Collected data
----
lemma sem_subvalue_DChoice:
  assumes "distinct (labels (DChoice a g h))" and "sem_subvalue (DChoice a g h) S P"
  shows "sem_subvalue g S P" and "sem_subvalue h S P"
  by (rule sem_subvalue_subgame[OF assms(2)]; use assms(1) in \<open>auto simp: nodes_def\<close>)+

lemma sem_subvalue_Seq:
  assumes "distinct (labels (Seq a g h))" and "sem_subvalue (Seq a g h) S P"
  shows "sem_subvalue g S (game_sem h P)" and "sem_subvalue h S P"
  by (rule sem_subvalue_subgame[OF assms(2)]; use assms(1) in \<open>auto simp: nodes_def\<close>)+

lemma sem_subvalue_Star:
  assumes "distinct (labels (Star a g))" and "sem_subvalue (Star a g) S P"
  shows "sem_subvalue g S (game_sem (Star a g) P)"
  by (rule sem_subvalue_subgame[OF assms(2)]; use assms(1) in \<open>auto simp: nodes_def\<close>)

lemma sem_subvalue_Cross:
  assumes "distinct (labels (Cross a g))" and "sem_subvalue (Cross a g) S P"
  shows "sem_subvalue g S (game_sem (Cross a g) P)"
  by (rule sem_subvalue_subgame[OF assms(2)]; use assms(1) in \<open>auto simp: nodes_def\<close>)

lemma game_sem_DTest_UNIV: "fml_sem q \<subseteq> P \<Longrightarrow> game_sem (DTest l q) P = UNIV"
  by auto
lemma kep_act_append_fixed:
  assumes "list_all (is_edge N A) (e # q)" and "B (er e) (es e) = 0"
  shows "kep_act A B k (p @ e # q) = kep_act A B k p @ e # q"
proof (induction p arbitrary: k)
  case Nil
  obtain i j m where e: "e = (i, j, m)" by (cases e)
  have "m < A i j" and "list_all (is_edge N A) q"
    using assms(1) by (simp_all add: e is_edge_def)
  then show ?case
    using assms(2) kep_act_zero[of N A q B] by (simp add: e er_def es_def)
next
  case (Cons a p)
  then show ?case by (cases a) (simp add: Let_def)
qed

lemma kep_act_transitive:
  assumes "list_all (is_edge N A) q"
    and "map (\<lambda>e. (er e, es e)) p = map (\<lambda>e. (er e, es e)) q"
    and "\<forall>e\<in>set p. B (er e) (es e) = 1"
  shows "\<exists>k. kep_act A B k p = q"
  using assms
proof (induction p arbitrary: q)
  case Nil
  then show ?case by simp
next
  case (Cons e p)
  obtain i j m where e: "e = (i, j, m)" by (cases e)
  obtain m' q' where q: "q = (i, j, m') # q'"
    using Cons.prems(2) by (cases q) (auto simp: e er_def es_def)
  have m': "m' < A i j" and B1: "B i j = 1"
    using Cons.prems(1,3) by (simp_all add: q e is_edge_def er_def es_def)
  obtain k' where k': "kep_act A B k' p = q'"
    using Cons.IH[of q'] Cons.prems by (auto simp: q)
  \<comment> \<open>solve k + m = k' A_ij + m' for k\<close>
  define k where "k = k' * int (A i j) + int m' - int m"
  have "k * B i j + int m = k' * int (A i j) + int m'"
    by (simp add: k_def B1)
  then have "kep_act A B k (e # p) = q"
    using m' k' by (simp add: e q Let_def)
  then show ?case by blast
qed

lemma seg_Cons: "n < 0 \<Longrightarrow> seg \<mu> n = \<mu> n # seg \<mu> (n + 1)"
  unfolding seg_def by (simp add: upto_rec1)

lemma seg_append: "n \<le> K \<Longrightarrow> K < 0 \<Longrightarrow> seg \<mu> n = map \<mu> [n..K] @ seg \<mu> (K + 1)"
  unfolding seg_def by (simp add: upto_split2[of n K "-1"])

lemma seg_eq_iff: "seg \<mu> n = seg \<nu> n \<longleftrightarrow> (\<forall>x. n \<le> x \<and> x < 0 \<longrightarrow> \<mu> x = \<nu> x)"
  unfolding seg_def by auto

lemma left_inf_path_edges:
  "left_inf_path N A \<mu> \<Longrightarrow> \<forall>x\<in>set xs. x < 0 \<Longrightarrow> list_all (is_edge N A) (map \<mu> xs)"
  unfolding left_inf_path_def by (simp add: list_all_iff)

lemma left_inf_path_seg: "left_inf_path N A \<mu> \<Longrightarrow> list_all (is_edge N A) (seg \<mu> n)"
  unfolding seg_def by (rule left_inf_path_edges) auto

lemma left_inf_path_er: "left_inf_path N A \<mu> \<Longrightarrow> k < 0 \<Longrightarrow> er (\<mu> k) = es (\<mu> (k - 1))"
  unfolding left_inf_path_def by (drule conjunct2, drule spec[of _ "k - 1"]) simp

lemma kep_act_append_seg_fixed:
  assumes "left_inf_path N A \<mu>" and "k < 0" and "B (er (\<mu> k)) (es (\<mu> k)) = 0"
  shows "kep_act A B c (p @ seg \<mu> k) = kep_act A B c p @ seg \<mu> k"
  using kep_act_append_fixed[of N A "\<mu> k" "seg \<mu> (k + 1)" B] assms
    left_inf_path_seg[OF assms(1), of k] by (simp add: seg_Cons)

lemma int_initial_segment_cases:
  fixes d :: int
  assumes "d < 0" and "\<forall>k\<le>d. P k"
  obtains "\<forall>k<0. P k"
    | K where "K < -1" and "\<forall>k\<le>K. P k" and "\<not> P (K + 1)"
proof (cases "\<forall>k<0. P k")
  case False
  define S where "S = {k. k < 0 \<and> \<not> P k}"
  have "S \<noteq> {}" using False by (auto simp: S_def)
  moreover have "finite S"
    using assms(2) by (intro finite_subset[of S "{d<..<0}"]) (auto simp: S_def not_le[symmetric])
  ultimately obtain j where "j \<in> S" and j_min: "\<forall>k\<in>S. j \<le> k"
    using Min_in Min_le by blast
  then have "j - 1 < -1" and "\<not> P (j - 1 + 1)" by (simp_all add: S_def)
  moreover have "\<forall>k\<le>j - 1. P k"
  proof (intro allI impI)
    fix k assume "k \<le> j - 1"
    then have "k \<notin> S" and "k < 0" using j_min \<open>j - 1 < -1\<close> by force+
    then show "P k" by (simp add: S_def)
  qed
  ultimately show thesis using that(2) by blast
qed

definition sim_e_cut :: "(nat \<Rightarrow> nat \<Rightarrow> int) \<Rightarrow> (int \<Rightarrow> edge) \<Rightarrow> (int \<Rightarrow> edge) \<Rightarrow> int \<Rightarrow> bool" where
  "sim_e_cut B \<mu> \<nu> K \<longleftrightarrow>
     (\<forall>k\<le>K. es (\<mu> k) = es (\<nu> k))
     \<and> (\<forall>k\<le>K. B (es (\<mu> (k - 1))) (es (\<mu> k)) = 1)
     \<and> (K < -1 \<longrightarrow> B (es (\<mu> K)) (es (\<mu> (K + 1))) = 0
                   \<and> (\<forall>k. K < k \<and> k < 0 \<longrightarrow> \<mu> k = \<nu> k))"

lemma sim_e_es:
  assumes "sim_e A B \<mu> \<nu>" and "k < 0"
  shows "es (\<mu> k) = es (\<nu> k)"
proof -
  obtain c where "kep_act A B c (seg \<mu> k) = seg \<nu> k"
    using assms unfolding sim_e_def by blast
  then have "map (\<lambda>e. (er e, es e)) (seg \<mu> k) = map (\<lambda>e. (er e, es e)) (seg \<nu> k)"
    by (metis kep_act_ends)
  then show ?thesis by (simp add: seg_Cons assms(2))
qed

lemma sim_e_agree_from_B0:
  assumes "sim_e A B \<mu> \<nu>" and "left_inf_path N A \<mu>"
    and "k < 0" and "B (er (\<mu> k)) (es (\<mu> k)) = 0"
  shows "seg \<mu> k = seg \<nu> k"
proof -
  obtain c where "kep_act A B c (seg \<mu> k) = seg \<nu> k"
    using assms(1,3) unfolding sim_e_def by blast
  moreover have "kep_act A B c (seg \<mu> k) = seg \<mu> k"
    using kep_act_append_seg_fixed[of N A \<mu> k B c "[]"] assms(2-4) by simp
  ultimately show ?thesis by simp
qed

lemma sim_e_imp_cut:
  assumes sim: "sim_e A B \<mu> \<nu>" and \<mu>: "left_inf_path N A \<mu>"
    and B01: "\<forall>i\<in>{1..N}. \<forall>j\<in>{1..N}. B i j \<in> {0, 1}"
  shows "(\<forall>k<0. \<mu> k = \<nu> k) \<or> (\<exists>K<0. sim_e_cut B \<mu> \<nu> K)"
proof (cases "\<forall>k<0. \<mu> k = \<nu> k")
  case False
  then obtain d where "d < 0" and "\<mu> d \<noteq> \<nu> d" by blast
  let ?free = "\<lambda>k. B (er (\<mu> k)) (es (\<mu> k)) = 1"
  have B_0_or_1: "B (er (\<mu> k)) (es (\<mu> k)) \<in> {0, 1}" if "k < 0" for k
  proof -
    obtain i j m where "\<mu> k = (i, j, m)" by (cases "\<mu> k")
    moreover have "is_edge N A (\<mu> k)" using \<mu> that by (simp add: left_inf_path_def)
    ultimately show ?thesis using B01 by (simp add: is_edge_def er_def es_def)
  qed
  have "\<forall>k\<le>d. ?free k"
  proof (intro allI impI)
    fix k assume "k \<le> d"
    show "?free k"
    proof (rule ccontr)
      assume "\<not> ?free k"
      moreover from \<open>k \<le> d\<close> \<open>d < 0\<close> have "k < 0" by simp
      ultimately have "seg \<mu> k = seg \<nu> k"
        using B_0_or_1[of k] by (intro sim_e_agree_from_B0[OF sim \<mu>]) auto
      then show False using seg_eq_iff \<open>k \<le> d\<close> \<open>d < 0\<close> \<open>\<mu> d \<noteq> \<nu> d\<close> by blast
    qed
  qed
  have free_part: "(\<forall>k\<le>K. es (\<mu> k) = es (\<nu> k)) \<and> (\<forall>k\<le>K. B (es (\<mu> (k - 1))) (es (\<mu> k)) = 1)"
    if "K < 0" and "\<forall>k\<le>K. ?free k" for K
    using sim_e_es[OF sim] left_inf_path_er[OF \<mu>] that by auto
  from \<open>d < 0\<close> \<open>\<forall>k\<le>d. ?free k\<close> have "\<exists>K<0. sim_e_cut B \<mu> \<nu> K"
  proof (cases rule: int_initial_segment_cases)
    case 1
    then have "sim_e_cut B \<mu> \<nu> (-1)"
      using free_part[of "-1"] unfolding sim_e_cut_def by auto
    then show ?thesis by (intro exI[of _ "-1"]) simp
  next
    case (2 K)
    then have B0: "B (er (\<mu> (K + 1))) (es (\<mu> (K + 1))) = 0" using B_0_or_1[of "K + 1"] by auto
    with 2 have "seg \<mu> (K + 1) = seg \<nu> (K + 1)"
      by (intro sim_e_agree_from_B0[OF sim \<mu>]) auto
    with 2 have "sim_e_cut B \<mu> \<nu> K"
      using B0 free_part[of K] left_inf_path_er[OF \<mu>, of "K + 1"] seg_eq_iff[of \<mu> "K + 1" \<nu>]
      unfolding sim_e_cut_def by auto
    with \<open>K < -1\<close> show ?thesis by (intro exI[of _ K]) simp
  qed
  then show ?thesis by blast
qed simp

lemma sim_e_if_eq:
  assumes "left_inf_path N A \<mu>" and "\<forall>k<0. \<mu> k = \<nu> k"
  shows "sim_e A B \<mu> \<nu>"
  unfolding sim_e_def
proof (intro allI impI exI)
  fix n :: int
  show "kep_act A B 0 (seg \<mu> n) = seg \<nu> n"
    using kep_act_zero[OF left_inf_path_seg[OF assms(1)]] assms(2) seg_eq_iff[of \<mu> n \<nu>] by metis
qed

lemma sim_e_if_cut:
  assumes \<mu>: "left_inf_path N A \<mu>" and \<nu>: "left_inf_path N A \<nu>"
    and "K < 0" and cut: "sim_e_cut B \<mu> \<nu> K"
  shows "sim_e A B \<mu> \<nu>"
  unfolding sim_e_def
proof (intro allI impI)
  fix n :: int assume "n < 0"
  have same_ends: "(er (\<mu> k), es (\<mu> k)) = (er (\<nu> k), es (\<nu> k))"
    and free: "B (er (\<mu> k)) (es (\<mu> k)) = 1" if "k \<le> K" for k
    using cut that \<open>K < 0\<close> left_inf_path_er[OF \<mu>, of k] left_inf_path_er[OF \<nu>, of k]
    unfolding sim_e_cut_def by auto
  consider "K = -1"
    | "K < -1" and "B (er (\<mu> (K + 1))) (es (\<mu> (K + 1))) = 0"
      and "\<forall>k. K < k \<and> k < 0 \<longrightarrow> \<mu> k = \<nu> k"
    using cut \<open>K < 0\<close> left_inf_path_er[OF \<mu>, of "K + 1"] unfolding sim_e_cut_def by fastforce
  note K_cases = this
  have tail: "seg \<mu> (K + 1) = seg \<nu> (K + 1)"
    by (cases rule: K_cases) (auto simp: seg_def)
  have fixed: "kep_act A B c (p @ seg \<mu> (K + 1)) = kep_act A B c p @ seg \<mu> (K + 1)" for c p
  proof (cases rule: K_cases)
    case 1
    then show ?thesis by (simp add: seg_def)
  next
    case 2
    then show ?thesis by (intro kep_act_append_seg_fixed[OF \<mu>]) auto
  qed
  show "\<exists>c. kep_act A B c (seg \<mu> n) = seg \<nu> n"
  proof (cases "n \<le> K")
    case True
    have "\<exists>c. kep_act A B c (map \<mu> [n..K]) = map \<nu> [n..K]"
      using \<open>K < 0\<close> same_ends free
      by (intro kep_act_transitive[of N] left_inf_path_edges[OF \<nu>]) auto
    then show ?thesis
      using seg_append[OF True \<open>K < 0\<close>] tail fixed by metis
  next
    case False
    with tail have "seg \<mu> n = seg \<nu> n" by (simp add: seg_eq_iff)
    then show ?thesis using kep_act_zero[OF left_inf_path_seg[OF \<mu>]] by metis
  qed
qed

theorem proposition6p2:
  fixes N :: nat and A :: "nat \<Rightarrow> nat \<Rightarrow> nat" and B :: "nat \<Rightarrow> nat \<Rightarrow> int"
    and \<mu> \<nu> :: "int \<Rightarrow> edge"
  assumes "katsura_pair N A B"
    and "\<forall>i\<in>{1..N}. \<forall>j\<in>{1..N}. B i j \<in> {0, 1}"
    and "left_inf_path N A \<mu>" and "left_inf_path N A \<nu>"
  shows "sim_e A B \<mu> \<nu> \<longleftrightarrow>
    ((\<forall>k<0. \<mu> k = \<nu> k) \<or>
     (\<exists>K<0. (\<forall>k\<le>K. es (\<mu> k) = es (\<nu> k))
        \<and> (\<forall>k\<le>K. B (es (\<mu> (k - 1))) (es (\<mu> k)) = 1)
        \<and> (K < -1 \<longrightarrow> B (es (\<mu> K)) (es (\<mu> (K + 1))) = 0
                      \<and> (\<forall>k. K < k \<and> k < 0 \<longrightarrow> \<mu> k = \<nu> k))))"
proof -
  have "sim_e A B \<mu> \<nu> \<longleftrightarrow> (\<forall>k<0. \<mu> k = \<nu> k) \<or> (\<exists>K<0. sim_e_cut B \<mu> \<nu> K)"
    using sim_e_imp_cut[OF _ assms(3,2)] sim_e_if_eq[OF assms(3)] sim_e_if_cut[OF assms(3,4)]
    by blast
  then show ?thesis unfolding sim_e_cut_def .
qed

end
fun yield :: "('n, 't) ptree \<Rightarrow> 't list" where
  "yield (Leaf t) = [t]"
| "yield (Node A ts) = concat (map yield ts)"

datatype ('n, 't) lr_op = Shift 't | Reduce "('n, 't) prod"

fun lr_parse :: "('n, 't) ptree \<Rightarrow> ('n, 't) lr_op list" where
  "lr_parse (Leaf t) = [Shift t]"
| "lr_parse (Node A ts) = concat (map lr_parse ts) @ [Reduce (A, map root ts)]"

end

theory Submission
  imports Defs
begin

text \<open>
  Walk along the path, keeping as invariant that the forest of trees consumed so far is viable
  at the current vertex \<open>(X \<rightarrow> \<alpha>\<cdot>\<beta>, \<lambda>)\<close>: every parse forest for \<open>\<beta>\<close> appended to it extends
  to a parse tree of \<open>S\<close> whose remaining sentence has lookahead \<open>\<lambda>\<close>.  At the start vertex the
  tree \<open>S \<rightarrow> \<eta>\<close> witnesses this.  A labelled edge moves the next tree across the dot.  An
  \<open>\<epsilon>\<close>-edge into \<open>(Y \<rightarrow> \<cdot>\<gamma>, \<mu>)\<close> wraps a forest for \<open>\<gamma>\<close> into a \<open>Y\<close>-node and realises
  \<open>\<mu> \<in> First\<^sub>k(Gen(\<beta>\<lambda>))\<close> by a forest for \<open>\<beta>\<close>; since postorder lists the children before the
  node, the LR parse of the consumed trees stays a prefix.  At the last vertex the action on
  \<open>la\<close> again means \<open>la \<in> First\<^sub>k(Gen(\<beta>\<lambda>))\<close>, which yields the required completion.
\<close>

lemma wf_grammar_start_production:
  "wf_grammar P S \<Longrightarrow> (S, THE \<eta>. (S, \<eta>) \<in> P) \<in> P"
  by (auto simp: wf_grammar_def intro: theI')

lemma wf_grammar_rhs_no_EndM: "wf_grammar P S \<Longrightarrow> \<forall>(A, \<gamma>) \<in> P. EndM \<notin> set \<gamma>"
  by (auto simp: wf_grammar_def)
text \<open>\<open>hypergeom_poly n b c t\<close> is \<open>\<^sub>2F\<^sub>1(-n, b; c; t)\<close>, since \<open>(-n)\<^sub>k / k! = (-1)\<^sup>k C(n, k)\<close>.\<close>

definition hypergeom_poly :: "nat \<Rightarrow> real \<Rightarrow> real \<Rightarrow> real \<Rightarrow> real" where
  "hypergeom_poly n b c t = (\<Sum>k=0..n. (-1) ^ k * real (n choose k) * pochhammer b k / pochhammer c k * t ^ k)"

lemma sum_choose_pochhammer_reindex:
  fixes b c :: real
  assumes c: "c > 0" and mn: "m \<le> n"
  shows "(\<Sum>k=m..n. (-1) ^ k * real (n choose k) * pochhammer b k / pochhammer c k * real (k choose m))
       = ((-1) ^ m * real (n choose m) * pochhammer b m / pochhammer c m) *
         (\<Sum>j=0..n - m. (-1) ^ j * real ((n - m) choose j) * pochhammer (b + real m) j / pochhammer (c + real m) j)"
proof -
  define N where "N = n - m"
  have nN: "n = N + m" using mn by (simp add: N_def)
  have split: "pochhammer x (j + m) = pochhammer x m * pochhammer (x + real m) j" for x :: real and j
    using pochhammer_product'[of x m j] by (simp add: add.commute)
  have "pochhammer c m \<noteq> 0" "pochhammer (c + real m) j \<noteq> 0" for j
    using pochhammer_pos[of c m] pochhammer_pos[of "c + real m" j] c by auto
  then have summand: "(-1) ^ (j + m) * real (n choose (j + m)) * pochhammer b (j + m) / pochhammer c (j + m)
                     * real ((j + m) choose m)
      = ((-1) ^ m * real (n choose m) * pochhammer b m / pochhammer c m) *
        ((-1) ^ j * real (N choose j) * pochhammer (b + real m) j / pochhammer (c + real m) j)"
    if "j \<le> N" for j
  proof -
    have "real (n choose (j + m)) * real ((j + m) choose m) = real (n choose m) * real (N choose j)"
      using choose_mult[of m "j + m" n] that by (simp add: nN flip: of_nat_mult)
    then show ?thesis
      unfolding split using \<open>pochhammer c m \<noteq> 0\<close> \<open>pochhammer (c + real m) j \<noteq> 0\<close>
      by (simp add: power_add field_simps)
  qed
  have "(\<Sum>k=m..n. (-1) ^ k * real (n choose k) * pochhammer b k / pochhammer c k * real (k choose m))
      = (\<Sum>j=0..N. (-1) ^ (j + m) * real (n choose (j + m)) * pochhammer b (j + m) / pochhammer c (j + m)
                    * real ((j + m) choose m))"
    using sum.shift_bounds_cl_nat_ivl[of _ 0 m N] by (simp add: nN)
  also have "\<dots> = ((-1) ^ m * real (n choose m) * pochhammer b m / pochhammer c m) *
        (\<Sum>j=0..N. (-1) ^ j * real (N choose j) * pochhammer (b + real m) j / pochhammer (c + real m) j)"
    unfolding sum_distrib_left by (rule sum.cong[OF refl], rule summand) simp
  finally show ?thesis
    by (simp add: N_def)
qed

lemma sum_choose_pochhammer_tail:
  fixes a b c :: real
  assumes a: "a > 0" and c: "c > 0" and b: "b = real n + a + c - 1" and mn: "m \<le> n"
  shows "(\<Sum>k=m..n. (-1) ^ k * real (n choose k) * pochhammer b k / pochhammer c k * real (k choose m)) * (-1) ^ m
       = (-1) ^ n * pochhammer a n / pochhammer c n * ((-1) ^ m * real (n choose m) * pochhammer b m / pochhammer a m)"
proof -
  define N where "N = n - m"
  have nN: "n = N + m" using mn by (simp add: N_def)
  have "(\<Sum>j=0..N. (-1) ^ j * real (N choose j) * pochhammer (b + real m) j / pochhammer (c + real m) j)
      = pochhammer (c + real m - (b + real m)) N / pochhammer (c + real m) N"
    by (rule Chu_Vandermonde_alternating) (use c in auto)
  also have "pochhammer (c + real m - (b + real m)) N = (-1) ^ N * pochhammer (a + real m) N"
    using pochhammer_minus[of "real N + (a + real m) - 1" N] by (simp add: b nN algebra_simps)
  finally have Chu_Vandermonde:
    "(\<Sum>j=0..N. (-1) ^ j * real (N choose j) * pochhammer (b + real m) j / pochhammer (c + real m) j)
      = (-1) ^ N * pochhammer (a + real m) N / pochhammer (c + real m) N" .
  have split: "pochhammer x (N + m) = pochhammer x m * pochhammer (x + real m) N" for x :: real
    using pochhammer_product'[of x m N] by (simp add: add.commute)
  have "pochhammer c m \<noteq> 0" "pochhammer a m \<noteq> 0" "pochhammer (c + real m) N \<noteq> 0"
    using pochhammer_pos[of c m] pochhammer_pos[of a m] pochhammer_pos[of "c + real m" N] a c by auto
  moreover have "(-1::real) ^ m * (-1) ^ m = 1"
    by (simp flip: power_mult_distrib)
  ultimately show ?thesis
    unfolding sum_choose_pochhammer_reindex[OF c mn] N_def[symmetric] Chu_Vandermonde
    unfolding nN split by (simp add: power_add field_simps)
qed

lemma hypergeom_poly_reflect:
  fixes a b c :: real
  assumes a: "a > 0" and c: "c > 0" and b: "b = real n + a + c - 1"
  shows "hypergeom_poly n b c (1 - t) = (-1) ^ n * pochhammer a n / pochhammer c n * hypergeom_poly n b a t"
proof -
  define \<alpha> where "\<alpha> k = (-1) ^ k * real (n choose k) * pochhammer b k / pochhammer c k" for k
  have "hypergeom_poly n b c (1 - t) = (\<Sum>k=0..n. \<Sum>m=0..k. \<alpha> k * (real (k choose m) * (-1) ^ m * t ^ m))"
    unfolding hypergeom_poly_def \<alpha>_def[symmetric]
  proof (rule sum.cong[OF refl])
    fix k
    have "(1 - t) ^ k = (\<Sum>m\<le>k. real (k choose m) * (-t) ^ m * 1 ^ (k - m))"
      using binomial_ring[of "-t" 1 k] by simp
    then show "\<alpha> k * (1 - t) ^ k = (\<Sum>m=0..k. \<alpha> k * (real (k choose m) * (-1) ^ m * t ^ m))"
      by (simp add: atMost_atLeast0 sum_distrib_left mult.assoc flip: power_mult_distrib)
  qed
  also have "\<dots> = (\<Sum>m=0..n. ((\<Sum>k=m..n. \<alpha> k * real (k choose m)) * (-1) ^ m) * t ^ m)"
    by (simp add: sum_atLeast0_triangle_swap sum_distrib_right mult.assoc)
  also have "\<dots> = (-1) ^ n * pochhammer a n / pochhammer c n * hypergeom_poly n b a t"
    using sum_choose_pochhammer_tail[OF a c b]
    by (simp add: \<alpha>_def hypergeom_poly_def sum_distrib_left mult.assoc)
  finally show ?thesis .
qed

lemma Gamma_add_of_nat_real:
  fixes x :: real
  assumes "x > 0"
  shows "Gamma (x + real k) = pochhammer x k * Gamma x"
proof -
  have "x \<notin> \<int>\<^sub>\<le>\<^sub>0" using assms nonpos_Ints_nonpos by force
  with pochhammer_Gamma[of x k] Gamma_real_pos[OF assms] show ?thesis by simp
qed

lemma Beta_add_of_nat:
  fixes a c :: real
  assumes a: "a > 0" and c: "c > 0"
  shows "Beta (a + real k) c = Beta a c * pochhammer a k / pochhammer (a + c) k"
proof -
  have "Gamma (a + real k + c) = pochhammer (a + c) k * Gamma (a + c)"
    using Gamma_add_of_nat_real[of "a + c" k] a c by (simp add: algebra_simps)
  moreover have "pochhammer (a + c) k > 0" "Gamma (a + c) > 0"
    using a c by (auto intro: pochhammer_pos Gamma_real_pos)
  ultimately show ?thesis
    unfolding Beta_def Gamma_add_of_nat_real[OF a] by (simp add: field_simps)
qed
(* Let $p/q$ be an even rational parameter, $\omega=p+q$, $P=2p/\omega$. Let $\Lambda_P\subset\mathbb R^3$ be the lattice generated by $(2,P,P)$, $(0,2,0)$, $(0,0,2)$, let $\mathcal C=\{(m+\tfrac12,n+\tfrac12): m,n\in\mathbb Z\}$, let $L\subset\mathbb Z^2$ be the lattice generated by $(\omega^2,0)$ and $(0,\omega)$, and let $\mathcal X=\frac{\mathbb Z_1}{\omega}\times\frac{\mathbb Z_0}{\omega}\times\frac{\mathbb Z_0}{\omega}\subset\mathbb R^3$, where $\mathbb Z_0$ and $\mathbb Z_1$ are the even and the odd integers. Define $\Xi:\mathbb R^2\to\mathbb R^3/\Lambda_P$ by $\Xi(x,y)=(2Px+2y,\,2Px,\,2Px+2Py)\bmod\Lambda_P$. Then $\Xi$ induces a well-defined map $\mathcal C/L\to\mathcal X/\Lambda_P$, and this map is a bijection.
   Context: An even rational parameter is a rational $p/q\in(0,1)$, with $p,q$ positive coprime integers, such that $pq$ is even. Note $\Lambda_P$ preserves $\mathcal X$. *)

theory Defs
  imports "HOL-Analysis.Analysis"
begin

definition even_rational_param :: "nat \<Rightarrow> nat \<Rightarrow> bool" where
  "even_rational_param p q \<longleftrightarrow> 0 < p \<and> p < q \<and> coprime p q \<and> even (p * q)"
----
TASK PROMPT. How many of the lines in these entries hold "Reduce"? Report only the count.

RESPONSE TO THE EXERCISE. 2